Direct¶

class sharpy.rom.balanced.Direct[source]¶

Find balanced realisation of continuous (DLTI = False) and discrete (DLTI = True) time of LTI systems using scipy libraries.

The function proceeds to achieve balanced realisation of the state-space system by first solving the Lyapunov equations.
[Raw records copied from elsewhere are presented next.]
definition mdeg :: "(nat \<Rightarrow>\<^sub>0 nat) \<Rightarrow> nat" where
  "mdeg m = (\<Sum>i \<in> Poly_Mapping.keys m. Poly_Mapping.lookup m i)"

definition homog :: "nat set \<Rightarrow> nat \<Rightarrow> 'k::field mpoly \<Rightarrow> bool" where
  "homog V k f \<longleftrightarrow> f \<in> polyring V \<and> (\<forall>m \<in> Poly_Mapping.keys f. mdeg m = k)"

definition gen_ideal :: "nat set \<Rightarrow> 'k::field mpoly set \<Rightarrow> 'k mpoly set" where
  "gen_ideal V Gs = {(\<Sum>g\<in>F. c g * g) | F c. finite F \<and> F \<subseteq> Gs \<and> (\<forall>g\<in>F. c g \<in> polyring V)}"

definition is_ideal :: "nat set \<Rightarrow> 'k::field mpoly set \<Rightarrow> bool" where
  "is_ideal V I \<longleftrightarrow> I \<subseteq> polyring V \<and> 0 \<in> I \<and> (\<forall>a\<in>I. \<forall>b\<in>I. a + b \<in> I)
     \<and> (\<forall>r\<in>polyring V. \<forall>a\<in>I. r * a \<in> I)"

definition prime_ideal :: "nat set \<Rightarrow> 'k::field mpoly set \<Rightarrow> bool" where
  "prime_ideal V P \<longleftrightarrow> is_ideal V P \<and> P \<noteq> polyring V
     \<and> (\<forall>a\<in>polyring V. \<forall>b\<in>polyring V. a * b \<in> P \<longrightarrow> a \<in> P \<or> b \<in> P)"

definition colon :: "nat set \<Rightarrow> 'k::field mpoly set \<Rightarrow> 'k mpoly \<Rightarrow> 'k mpoly set" where
  "colon V I f = {g \<in> polyring V. g * f \<in> I}"

definition ass :: "nat set \<Rightarrow> 'k::field mpoly set \<Rightarrow> 'k mpoly set set" where
  "ass V I = {P. prime_ideal V P \<and> (\<exists>g \<in> polyring V. colon V I g = P)}"

definition v_number :: "nat set \<Rightarrow> 'k::field mpoly set \<Rightarrow> nat" where
  "v_number V I = (LEAST k. \<exists>f P. homog V k f \<and> P \<in> ass V I \<and> colon V I f = P)"

definition edge_ideal :: "nat set \<Rightarrow> nat set set \<Rightarrow> 'k::field mpoly set" where
  "edge_ideal V E = gen_ideal V {var i * var j | i j. {i, j} \<in> E}"

definition v_graph :: "'k::field itself \<Rightarrow> nat set \<Rightarrow> nat set set \<Rightarrow> nat" where
  "v_graph TYPE('k) V E = v_number V (edge_ideal V E :: 'k mpoly set)"

definition path_V :: "nat \<Rightarrow> nat set" where "path_V k = {1..k}"
definition path_E :: "nat \<Rightarrow> nat set set" where
  "path_E k = {{i, i + 1} | i. 1 \<le> i \<and> i < k}"
definition cycle_V :: "nat \<Rightarrow> nat set" where "cycle_V n = {1..n}"
definition cycle_E :: "nat \<Rightarrow> nat set set" where
  "cycle_E n = {{i, i + 1} | i. 1 \<le> i \<and> i < n} \<union> {{n, 1}}"

text \<open>H = 1-clique sum of C_n (vertices 1..n) and P_m (vertices n..n+m-1),
glued at the cycle vertex n, which is an endpoint of the path.\<close>
definition cp_V :: "nat \<Rightarrow> nat \<Rightarrow> nat set" where "cp_V n m = {1..n + m - 1}"
definition cp_E :: "nat \<Rightarrow> nat \<Rightarrow> nat set set" where
  "cp_E n m = cycle_E n \<union> {{i, i + 1} | i. n \<le> i \<and> i < n + m - 1}"

end

theory Submission
  imports Defs
begin

text \<open>By the description of Jaramillo and Villarreal, \<open>v(G)\<close> is the least size of an independent
  set \<open>A\<close> whose neighbourhood \<open>N(A)\<close> is a vertex cover: for such \<open>A\<close> the colon ideal
  \<open>(I(G) : x\<^sup>A)\<close> is the prime generated by the variables of \<open>N(A)\<close>, and conversely a term of
  \<open>f\<close> with \<open>(I(G) : f)\<close> prime yields such a set of size at most \<open>deg f\<close>.

  The clique sum \<open>H\<close> is \<open>C\<^sub>n\<close> and a copy of \<open>P\<^sub>m\<^sub>-\<^sub>2\<close> joined through the new vertex \<open>n + 1\<close>.
  Optimal witnesses of the two parts, the one of the cycle rotated to contain \<open>n\<close>, together
  witness \<open>H\<close>. Conversely a witness of \<open>H\<close> restricts to both parts; only when it contains
  \<open>n + 1\<close> can an edge at an attachment vertex be left uncovered, and adding that vertex
  repairs it, which costs at most two vertices while \<open>n + 1\<close> itself is dropped.\<close>

section \<open>Independent sets whose neighbourhood covers all edges\<close>

definition independent :: "'a set set \<Rightarrow> 'a set \<Rightarrow> bool" where
  "independent E A \<longleftrightarrow> (\<forall>x\<in>A. \<forall>y\<in>A. {x, y} \<notin> E)"

definition neighbourhood :: "'a set set \<Rightarrow> 'a set \<Rightarrow> 'a set" where
  "neighbourhood E A = {x. \<exists>a\<in>A. {x, a} \<in> E}"

definition vertex_cover :: "'a set set \<Rightarrow> 'a set \<Rightarrow> bool" where
  "vertex_cover E C \<longleftrightarrow> (\<forall>x y. {x, y} \<in> E \<longrightarrow> x \<in> C \<or> y \<in> C)"

definition graph_on :: "'a set \<Rightarrow> 'a set set \<Rightarrow> bool" where
  "graph_on V E \<longleftrightarrow> (\<forall>e\<in>E. \<exists>x y. e = {x, y} \<and> x \<noteq> y \<and> x \<in> V \<and> y \<in> V)"

text \<open>For independent \<open>A\<close> the cover \<open>N(A)\<close> is automatically minimal: a vertex of \<open>N(A)\<close>
  is the only end of its edge to \<open>A\<close> lying in \<open>N(A)\<close>. So \<open>v_comb\<close> is the combinatorial
  v-number of Jaramillo and Villarreal.\<close>

definition v_witness :: "'a set \<Rightarrow> 'a set set \<Rightarrow> 'a set \<Rightarrow> bool" where
  "v_witness V E A \<longleftrightarrow> A \<subseteq> V \<and> independent E A \<and> vertex_cover E (neighbourhood E A)"

definition v_comb :: "'a set \<Rightarrow> 'a set set \<Rightarrow> nat" where
  "v_comb V E = (LEAST k. \<exists>A. v_witness V E A \<and> card A = k)"

lemma graph_onD:
  assumes "graph_on V E" "{x, y} \<in> E"
  shows "x \<noteq> y" "x \<in> V" "y \<in> V"
  using assms unfolding graph_on_def by (metis doubleton_eq_iff)+

lemma neighbourhoodI: "a \<in> A \<Longrightarrow> {x, a} \<in> E \<Longrightarrow> x \<in> neighbourhood E A"
  unfolding neighbourhood_def by blast

lemma neighbourhood_mono: "A \<subseteq> B \<Longrightarrow> E \<subseteq> E' \<Longrightarrow> neighbourhood E A \<subseteq> neighbourhood E' B"
  unfolding neighbourhood_def by blast

lemma not_independent_insert:
  assumes "graph_on V E" "independent E A" "\<not> independent E (insert z A)"
  shows "z \<in> neighbourhood E A"
proof -
  obtain x y where xy: "x \<in> insert z A" "y \<in> insert z A" "{x, y} \<in> E"
    using assms(3) unfolding independent_def by blast
  have "x \<noteq> y" using graph_onD(1)[OF assms(1) xy(3)] .
  moreover have "\<not> (x \<in> A \<and> y \<in> A)"
    using assms(2) xy(3) unfolding independent_def by blast
  ultimately show ?thesis
    using xy by (auto simp: insert_commute intro: neighbourhoodI)
qed

lemma not_independent_Un_iff:
  assumes "independent E A" "vertex_cover E (neighbourhood E A)"
  shows "\<not> independent E (A \<union> S) \<longleftrightarrow> S \<inter> neighbourhood E A \<noteq> {}"
proof
  assume "\<not> independent E (A \<union> S)"
  then obtain x y where xy: "x \<in> A \<union> S" "y \<in> A \<union> S" "{x, y} \<in> E"
    unfolding independent_def by blast
  have "\<not> (x \<in> A \<and> y \<in> A)"
    using assms(1) xy(3) unfolding independent_def by blast
  moreover have "x \<in> neighbourhood E A" if "y \<in> A"
    using that xy(3) by (rule neighbourhoodI)
  moreover have "y \<in> neighbourhood E A" if "x \<in> A"
    using that xy(3) by (intro neighbourhoodI) (auto simp: insert_commute)
  moreover have "x \<in> neighbourhood E A \<or> y \<in> neighbourhood E A"
    using assms(2) xy(3) unfolding vertex_cover_def by blast
  ultimately show "S \<inter> neighbourhood E A \<noteq> {}"
    using xy(1,2) by blast
next
  assume "S \<inter> neighbourhood E A \<noteq> {}"
  then obtain x a where "x \<in> S" "a \<in> A" "{x, a} \<in> E"
    unfolding neighbourhood_def by blast
  then show "\<not> independent E (A \<union> S)"
    unfolding independent_def by blast
qed

lemma v_comb_le: "v_witness V E A \<Longrightarrow> v_comb V E \<le> card A"
  unfolding v_comb_def by (rule Least_le) blast

lemma v_witness_exists:
  assumes "finite V" "graph_on V E"
  shows "\<exists>A. v_witness V E A"
proof -
  define S where "S = {A. A \<subseteq> V \<and> independent E A}"
  have "finite S" "{} \<in> S"
    using assms(1) by (auto simp: S_def independent_def)
  then obtain A where A: "A \<in> S" and maximal: "\<And>B. B \<in> S \<Longrightarrow> A \<subseteq> B \<Longrightarrow> A = B"
    using finite_has_maximal[of S] by blast
  have "x \<in> neighbourhood E A" if "x \<in> V" "x \<notin> A" for x
  proof (rule not_independent_insert[OF assms(2)])
    show "independent E A" using A by (simp add: S_def)
    show "\<not> independent E (insert x A)"
      using maximal[of "insert x A"] A that by (auto simp: S_def)
  qed
  moreover have "\<not> (x \<in> A \<and> y \<in> A)" if "{x, y} \<in> E" for x y
    using A that by (auto simp: S_def independent_def)
  ultimately have "vertex_cover E (neighbourhood E A)"
    unfolding vertex_cover_def using graph_onD(2,3)[OF assms(2)] by blast
  then show ?thesis
    using A by (auto simp: v_witness_def S_def)
qed

lemma v_comb_obtain:
  assumes "finite V" "graph_on V E"
  obtains A where "v_witness V E A" "card A = v_comb V E"
proof -
  obtain A where "v_witness V E A"
    using v_witness_exists[OF assms] ..
  then show ?thesis
    using that LeastI_ex[of "\<lambda>k. \<exists>A. v_witness V E A \<and> card A = k"]
    unfolding v_comb_def by blast
qed

lemma v_witness_nonempty: "v_witness V E A \<Longrightarrow> {x, y} \<in> E \<Longrightarrow> A \<noteq> {}"
  unfolding v_witness_def vertex_cover_def neighbourhood_def by blast

section \<open>Monomials and the edge ideal\<close>

abbreviation monom :: "(nat \<Rightarrow>\<^sub>0 nat) \<Rightarrow> 'k::field mpoly" where
  "monom t \<equiv> Poly_Mapping.single t 1"

lemma keys_add_nat:
  "Poly_Mapping.keys ((s :: nat \<Rightarrow>\<^sub>0 nat) + t) = Poly_Mapping.keys s \<union> Poly_Mapping.keys t"
  by (auto simp: in_keys_iff lookup_add)

lemma lookup_single_mult:
  fixes p :: "'k::field mpoly"
  shows "Poly_Mapping.lookup (Poly_Mapping.single t c * p) (t + s) = c * Poly_Mapping.lookup p s"
proof -
  have "Poly_Mapping.lookup (Poly_Mapping.single t c * p) (t + s)
      = (\<Sum>l. (c when t = l) * (\<Sum>q. Poly_Mapping.lookup p q when t + s = l + q))"
    by (simp add: lookup_mult lookup_single)
  also have "\<dots> = c * (\<Sum>q. Poly_Mapping.lookup p q when t + s = t + q)"
    by (simp add: when_mult)
  finally show ?thesis
    by simp
qed

lemma keys_single_mult:
  fixes p :: "'k::field mpoly"
  assumes "c \<noteq> 0"
  shows "Poly_Mapping.keys (Poly_Mapping.single t c * p) = (+) t ` Poly_Mapping.keys p"
proof
  show "Poly_Mapping.keys (Poly_Mapping.single t c * p) \<subseteq> (+) t ` Poly_Mapping.keys p"
    using keys_mult[of "Poly_Mapping.single t c" p] assms by auto
  show "(+) t ` Poly_Mapping.keys p \<subseteq> Poly_Mapping.keys (Poly_Mapping.single t c * p)"
    using assms by (auto simp: in_keys_iff lookup_single_mult)
qed

lemma sum_single_lookup:
  "(\<Sum>t\<in>Poly_Mapping.keys p. Poly_Mapping.single t (Poly_Mapping.lookup p t)) = p"
proof (rule poly_mapping_eqI)
  fix k
  have "Poly_Mapping.lookup (\<Sum>t\<in>Poly_Mapping.keys p. Poly_Mapping.single t (Poly_Mapping.lookup p t)) k
      = (\<Sum>t\<in>Poly_Mapping.keys p. Poly_Mapping.lookup p t when t = k)"
    by (simp add: lookup_sum lookup_single)
  also have "\<dots> = Poly_Mapping.lookup p k"
    by (simp add: when_def in_keys_iff)
  finally show "Poly_Mapping.lookup (\<Sum>t\<in>Poly_Mapping.keys p. Poly_Mapping.single t (Poly_Mapping.lookup p t)) k
      = Poly_Mapping.lookup p k" .
qed

lemma poly_mapping_split_keys:
  fixes x :: "'a \<Rightarrow>\<^sub>0 'b::monoid_add"
  obtains x0 x1 where "x = x0 + x1" "Poly_Mapping.keys x0 = Poly_Mapping.keys x \<inter> Z"
    "Poly_Mapping.keys x1 = Poly_Mapping.keys x - Z"
proof
  let ?restrict = "\<lambda>Y. Poly_Mapping.mapp (\<lambda>t c. c when t \<in> Y) x"
  show "x = ?restrict Z + ?restrict (- Z)"
    by (rule poly_mapping_eqI) (simp add: lookup_add lookup_mapp when_def in_keys_iff)
  show "Poly_Mapping.keys (?restrict Z) = Poly_Mapping.keys x \<inter> Z"
    "Poly_Mapping.keys (?restrict (- Z)) = Poly_Mapping.keys x - Z"
    by (auto simp: in_keys_iff lookup_mapp)
qed

lemma polyring_add: "a \<in> polyring V \<Longrightarrow> b \<in> polyring V \<Longrightarrow> a + b \<in> polyring V"
  using keys_add[of a b] by (auto simp: polyring_def)

lemma polyring_mult: "a \<in> polyring V \<Longrightarrow> b \<in> polyring V \<Longrightarrow> a * b \<in> polyring V"
  using keys_mult[of a b] by (fastforce simp: polyring_def keys_add_nat)

lemma polyring_single: "Poly_Mapping.keys t \<subseteq> V \<Longrightarrow> Poly_Mapping.single t c \<in> polyring V"
  by (simp add: polyring_def)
They are solved using Barlets-Stewart algorithm for Sylvester equation, which is based on A matrix Schur decomposition.

\[\begin{split}\mathbf{A\,W_c + W_c\,A^T + B\,B^T} &= 0 \\ \mathbf{A^T\,W_o + W_o\,A + C^T\,C} &= 0\end{split}\]

to obtain the reachability and observability gramians, which are positive definite matrices.

Then, the gramians are decomposed into their Cholesky factors such that:

\[\begin{split}\mathbf{W_c} &= \mathbf{Q_c\,Q_c^T} \\ \mathbf{W_o} &= \mathbf{Q_o\,Q_o^T}\end{split}\]

A singular value decomposition (SVD) of the product of the Cholesky factors is performed

\[(\mathbf{Q_o^T\,Q_c}) = \mathbf{U\,\Sigma\,V^*}\]

The singular values are then used to build the transformation matrix \(\mathbf{T}\)

\[\begin{split}\mathbf{T} &= \mathbf{Q_c\,V\,\Sigma}^{-1/2} \\ \mathbf{T}^{-1} &= \mathbf{\Sigma}^{-1/2}\,\mathbf{U^T\,Q_o^T}\end{split}\]

The balanced system is therefore of the form:

\[\begin{split}\mathbf{A_b} &= \mathbf{T^{-1}\,A\,T} \\ \mathbf{B_b} &= \mathbf{T^{-1}\,B} \\ \mathbf{C_b} &= \mathbf{C\,T} \\ \mathbf{D_b} &= \mathbf{D}\end{split}\]

Warning

This function may be less computationally efficient than the balreal Matlab implementation and does not offer the option to bound the realisation in frequency and time.

Notes

Lyapunov equations are solved using Barlets-Stewart algorithm for Sylvester equation, which is based on A matrix Schur decomposition.
Notation above is consistent with Gawronski [2].

Parameters:

A (np.ndarray) – Plant Matrix
B (np.ndarray) – Input Matrix
C (np.ndarray) – Output Matrix
DLTI (bool) – Discrete time state-space flag
Schur (bool) – Use Schur decomposition to solve the Lyapunov equations

Returns:

Tuple of the form (S, T, Tinv) containing:

Singular values in diagonal matrix (S)
Transformation matrix (T).
Inverse transformation matrix(Tinv).

Return type:

tuple of np.ndarrays

References

[1] Anthoulas, A.C.. Approximation of Large Scale Dynamical Systems. Chapter 7. Advances in Design and Control. SIAM. 2005.

[2] Gawronski, W.. Dynamics and control of structures. New York: Springer. 1998

The settings that this solver accepts are given by a dictionary, with the following key-value pairs:

Name	Type	Description	Default	Options
`tune`	`bool`	Tune ROM to specified tolerance	`True`
`use_schur`	`bool`	Use Schur decomposition during build	`False`
`rom_tolerance`	`float`	Absolute accuracy with respect to full order frequency response	`0.01`
`rom_tune_freq_range`	`list(float)`	Beginning and end of frequency range where to tune ROM	`[0, 1]`
`convergence`	`str`	ROM tuning convergence. If `min` attempts to find minimal number of states.If `all` it starts from larger size ROM until convergence to specified tolerance is found.	`min`
`reduction_method`	`str`	Desired reduction method	`realisation`	`realisation`, `truncation`